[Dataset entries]
=== Section Start ===
lemma regular_arc_end_breakpoint:
  assumes arc: "regular_arc T lam \<gamma> a b"
  shows "b \<in> breakpoints"
proof (rule ccontr)
  assume "b \<notin> breakpoints"
  have "0 \<le> a" "a < b" "b \<le> T" and no_break: "{a<..<b} \<inter> breakpoints = {}"
    using arc by (auto simp: regular_arc_def regular_interval_iff)
  then have "b < T" using \<open>b \<notin> breakpoints\<close> by (cases "b = T") (auto simp: breakpoints_def)
  obtain d where "d > 0" and d: "\<forall>x\<in>breakpoints. x \<noteq> b \<longrightarrow> d \<le> dist b x"
    using finite_set_avoid[OF finite_breakpoints, of b] by blast
  define b' where "b' = min T (b + d / 2)"
  have "{a<..<b'} \<inter> breakpoints = {}"
    using d no_break \<open>b \<notin> breakpoints\<close> \<open>d > 0\<close> by (force simp: b'_def dist_real_def)
  then have "regular_interval T lam \<gamma> a b'"
    using \<open>0 \<le> a\<close> \<open>a < b\<close> \<open>b < T\<close> \<open>d > 0\<close> by (auto simp: regular_interval_iff b'_def)
  moreover have "{a<..<b} \<subseteq> {a<..<b'}" using \<open>b < T\<close> \<open>d > 0\<close> by (auto simp: b'_def)
  ultimately have "b' = b" using arc by (auto simp: regular_arc_def)
  then show False using \<open>b < T\<close> \<open>d > 0\<close> by (simp add: b'_def)
qed

lemma regular_arc_iff:
  "regular_arc T lam \<gamma> a b \<longleftrightarrow>
     a \<in> breakpoints \<and> b \<in> breakpoints \<and> a < b \<and> {a<..<b} \<inter> breakpoints = {}"
proof
  assume "regular_arc T lam \<gamma> a b"
  then show "a \<in> breakpoints \<and> b \<in> breakpoints \<and> a < b \<and> {a<..<b} \<inter> breakpoints = {}"
    using regular_arc_start_breakpoint regular_arc_end_breakpoint
    by (auto simp: regular_arc_def regular_interval_iff)
next
  assume consecutive: "a \<in> breakpoints \<and> b \<in> breakpoints \<and> a < b \<and> {a<..<b} \<inter> breakpoints = {}"
  then have "regular_interval T lam \<gamma> a b" using breakpoints_subset by (auto simp: regular_interval_iff)
  moreover have "a' = a \<and> b' = b" if "regular_interval T lam \<gamma> a' b'" "{a<..<b} \<subseteq> {a'<..<b'}" for a' b'
  proof -
    have "a' \<le> a" "b \<le> b'" "{a'<..<b'} \<inter> breakpoints = {}"
      using that consecutive by (auto simp: regular_interval_iff greaterThanLessThan_subseteq_greaterThanLessThan)
    moreover have "a \<notin> {a'<..<b'}" "b \<notin> {a'<..<b'}" using consecutive \<open>{a'<..<b'} \<inter> breakpoints = {}\<close> by blast+
    ultimately show ?thesis using consecutive by auto
  qed
  ultimately show "regular_arc T lam \<gamma> a b" by (auto simp: regular_arc_def)
qed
=== Section End ===
◆ Task to carry out ◆
From the data above, extract every line in its exact form.

◆ Response area ◆
lemma regular_arc_end_breakpoint:
  assumes arc: "regular_arc T lam \<gamma> a b"
  shows "b \<in> breakpoints"
proof (rule ccontr)
  assume "b \<notin> breakpoints"
  have "0 \<le> a" "a < b" "b \<le> T" and no_break: "{a<..<b} \<inter> breakpoints = {}"
    using arc by (auto simp: regular_arc_def regular_interval_iff)
  then have "b < T" using \<open>b \<notin> breakpoints\<close> by (cases "b = T") (auto simp: breakpoints_def)
  obtain d where "d > 0" and d: "\<forall>x\<in>breakpoints. x \<noteq> b \<longrightarrow> d \<le> dist b x"
    using finite_set_avoid[OF finite_breakpoints, of b] by blast
  define b' where "b' = min T (b + d / 2)"
  have "{a<..<b'} \<inter> breakpoints = {}"
    using d no_break \<open>b \<notin> breakpoints\<close> \<open>d > 0\<close> by (force simp: b'_def dist_real_def)
  then have "regular_interval T lam \<gamma> a b'"
    using \<open>0 \<le> a\<close> \<open>a < b\<close> \<open>b < T\<close> \<open>d > 0\<close> by (auto simp: regular_interval_iff b'_def)
  moreover have "{a<..<b} \<subseteq> {a<..<b'}" using \<open>b < T\<close> \<open>d > 0\<close> by (auto simp: b'_def)
  ultimately have "b' = b" using arc by (auto simp: regular_arc_def)
  then show False using \<open>b < T\<close> \<open>d > 0\<close> by (simp add: b'_def)
qed

lemma regular_arc_iff:
  "regular_arc T lam \<gamma> a b \<longleftrightarrow>
     a \<in> breakpoints \<and> b \<in> breakpoints \<and> a < b \<and> {a<..<b} \<inter> breakpoints = {}"
proof
  assume "regular_arc T lam \<gamma> a b"
  then show "a \<in> breakpoints \<and> b \<in> breakpoints \<and> a < b \<and> {a<..<b} \<inter> breakpoints = {}"
    using regular_arc_start_breakpoint regular_arc_end_breakpoint
    by (auto simp: regular_arc_def regular_interval_iff)
next
  assume consecutive: "a \<in> breakpoints \<and> b \<in> breakpoints \<and> a < b \<and> {a<..<b} \<inter> breakpoints = {}"
  then have "regular_interval T lam \<gamma> a b" using breakpoints_subset by (auto simp: regular_interval_iff)
  moreover have "a' = a \<and> b' = b" if "regular_interval T lam \<gamma> a' b'" "{a<..<b} \<subseteq> {a'<..<b'}" for a' b'
  proof -
    have "a' \<le> a" "b \<le> b'" "{a'<..<b'} \<inter> breakpoints = {}"
      using that consecutive by (auto simp: regular_interval_iff greaterThanLessThan_subseteq_greaterThanLessThan)
    moreover have "a \<notin> {a'<..<b'}" "b \<notin> {a'<..<b'}" using consecutive \<open>{a'<..<b'} \<inter> breakpoints = {}\<close> by blast+
    ultimately show ?thesis using consecutive by auto
  qed
  ultimately show "regular_arc T lam \<gamma> a b" by (auto simp: regular_arc_def)
qed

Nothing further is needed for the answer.